(* Under the setting of Theorem 1 (with $\mathcal{S}$, $h$, $m$, $\delta=\operatorname{TV}(m,h)>0$, $n,k$, $\alpha\in[0,1]$ with $(1-\alpha)nk\in\mathbb{Z}$, $H_{long}=h^{\otimes nk}$ and $M_{long}=m^{\otimes (1-\alpha)nk}\otimes h^{\otimes \alpha nk}$), every measurable detector score $D:\mathcal{S}^{nk}\to\mathbb{R}$ satisfies $$\operatorname{AUROC}(D)\le 1-\tfrac{1}{2}(1-\delta)^{2nk(1-\alpha)}.$$
   Context: For probability measures $P,Q$, $\operatorname{TV}(P,Q)=\sup_A|P(A)-Q(A)|$ over measurable sets $A$. For a score $D$, with $X\sim M_{long}$ and $Y\sim H_{long}$ independent, $\operatorname{AUROC}(D)=\Pr(D(X)>D(Y))+\tfrac12\Pr(D(X)=D(Y))$, i.e. the area under the ROC curve (true positive rate on $M_{long}$ against false positive rate on $H_{long}$) of the detector that thresholds $D$. The long human text consists of $nk$ i.i.d. sequences from $h$; the long machine text consists of $(1-\alpha)nk$ independent sequences from $m$ and $\alpha nk$ independent sequences from $h$. *)

theory Defs
  imports "HOL-Probability.Probability"
begin

definition TV :: "'a measure \<Rightarrow> 'a measure \<Rightarrow> real" where
  "TV P Q = (SUP A \<in> sets P. \<bar>measure P A - measure Q A\<bar>)"

definition AUROC :: "'b measure \<Rightarrow> 'b measure \<Rightarrow> ('b \<Rightarrow> real) \<Rightarrow> real" where
  "AUROC Mlong Hlong D =
     measure (Mlong \<Otimes>\<^sub>M Hlong) {p \<in> space (Mlong \<Otimes>\<^sub>M Hlong). D (fst p) > D (snd p)}
     + 1/2 * measure (Mlong \<Otimes>\<^sub>M Hlong) {p \<in> space (Mlong \<Otimes>\<^sub>M Hlong). D (fst p) = D (snd p)}"

text \<open>Long texts: nk sequences; machine text has the first L = (1-alpha)nk from m, rest from h.\<close>
definition H_long :: "'a measure \<Rightarrow> nat \<Rightarrow> (nat \<Rightarrow> 'a) measure" where
  "H_long h N = PiM {..<N} (\<lambda>_. h)"

definition M_long :: "'a measure \<Rightarrow> 'a measure \<Rightarrow> nat \<Rightarrow> nat \<Rightarrow> (nat \<Rightarrow> 'a) measure" where
  "M_long m h L N = PiM {..<N} (\<lambda>i. if i < L then m else h)"

end

(*
  Write m = f \<nu> and h = g \<nu> for a common dominating measure \<nu>; then the overlap
  \<integral> min f g d\<nu> is at least 1 - TV m h.  On the product space, the density R that is
  min f g on the L machine-written coordinates and g on the others lies below the
  densities of both M_long and H_long, and its total mass is at least (1 - \<delta>)^L.
  With H the Heaviside step (H 0 = 1/2), 1 - AUROC is the integral of H (D y - D x)
  over M_long \<times> H_long, which is at least the same integral against R(x) R(y);
  since H t + H (-t) = 1, swapping x and y shows that the latter is (\<integral> R)^2 / 2.
*)
theory Submission
  imports Defs
begin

· · · · · · ·

§ **What you will do**: Once more, write out the records above, exactly as they stand.

§ **Answer box**:
(* Under the setting of Theorem 1 (with $\mathcal{S}$, $h$, $m$, $\delta=\operatorname{TV}(m,h)>0$, $n,k$, $\alpha\in[0,1]$ with $(1-\alpha)nk\in\mathbb{Z}$, $H_{long}=h^{\otimes nk}$ and $M_{long}=m^{\otimes (1-\alpha)nk}\otimes h^{\otimes \alpha nk}$), every measurable detector score $D:\mathcal{S}^{nk}\to\mathbb{R}$ satisfies $$\operatorname{AUROC}(D)\le 1-\tfrac{1}{2}(1-\delta)^{2nk(1-\alpha)}.$$
   Context: For probability measures $P,Q$, $\operatorname{TV}(P,Q)=\sup_A|P(A)-Q(A)|$ over measurable sets $A$. For a score $D$, with $X\sim M_{long}$ and $Y\sim H_{long}$ independent, $\operatorname{AUROC}(D)=\Pr(D(X)>D(Y))+\tfrac12\Pr(D(X)=D(Y))$, i.e. the area under the ROC curve (true positive rate on $M_{long}$ against false positive rate on $H_{long}$) of the detector that thresholds $D$. The long human text consists of $nk$ i.i.d. sequences from $h$; the long machine text consists of $(1-\alpha)nk$ independent sequences from $m$ and $\alpha nk$ independent sequences from $h$. *)

theory Defs
  imports "HOL-Probability.Probability"
begin

definition TV :: "'a measure \<Rightarrow> 'a measure \<Rightarrow> real" where
  "TV P Q = (SUP A \<in> sets P. \<bar>measure P A - measure Q A\<bar>)"

definition AUROC :: "'b measure \<Rightarrow> 'b measure \<Rightarrow> ('b \<Rightarrow> real) \<Rightarrow> real" where
  "AUROC Mlong Hlong D =
     measure (Mlong \<Otimes>\<^sub>M Hlong) {p \<in> space (Mlong \<Otimes>\<^sub>M Hlong). D (fst p) > D (snd p)}
     + 1/2 * measure (Mlong \<Otimes>\<^sub>M Hlong) {p \<in> space (Mlong \<Otimes>\<^sub>M Hlong). D (fst p) = D (snd p)}"

text \<open>Long texts: nk sequences; machine text has the first L = (1-alpha)nk from m, rest from h.\<close>
definition H_long :: "'a measure \<Rightarrow> nat \<Rightarrow> (nat \<Rightarrow> 'a) measure" where
  "H_long h N = PiM {..<N} (\<lambda>_. h)"

definition M_long :: "'a measure \<Rightarrow> 'a measure \<Rightarrow> nat \<Rightarrow> nat \<Rightarrow> (nat \<Rightarrow> 'a) measure" where
  "M_long m h L N = PiM {..<N} (\<lambda>i. if i < L then m else h)"

end

(*
  Write m = f \<nu> and h = g \<nu> for a common dominating measure \<nu>; then the overlap
  \<integral> min f g d\<nu> is at least 1 - TV m h.  On the product space, the density R that is
  min f g on the L machine-written coordinates and g on the others lies below the
  densities of both M_long and H_long, and its total mass is at least (1 - \<delta>)^L.
  With H the Heaviside step (H 0 = 1/2), 1 - AUROC is the integral of H (D y - D x)
  over M_long \<times> H_long, which is at least the same integral against R(x) R(y);
  since H t + H (-t) = 1, swapping x and y shows that the latter is (\<integral> R)^2 / 2.
*)
theory Submission
  imports Defs
begin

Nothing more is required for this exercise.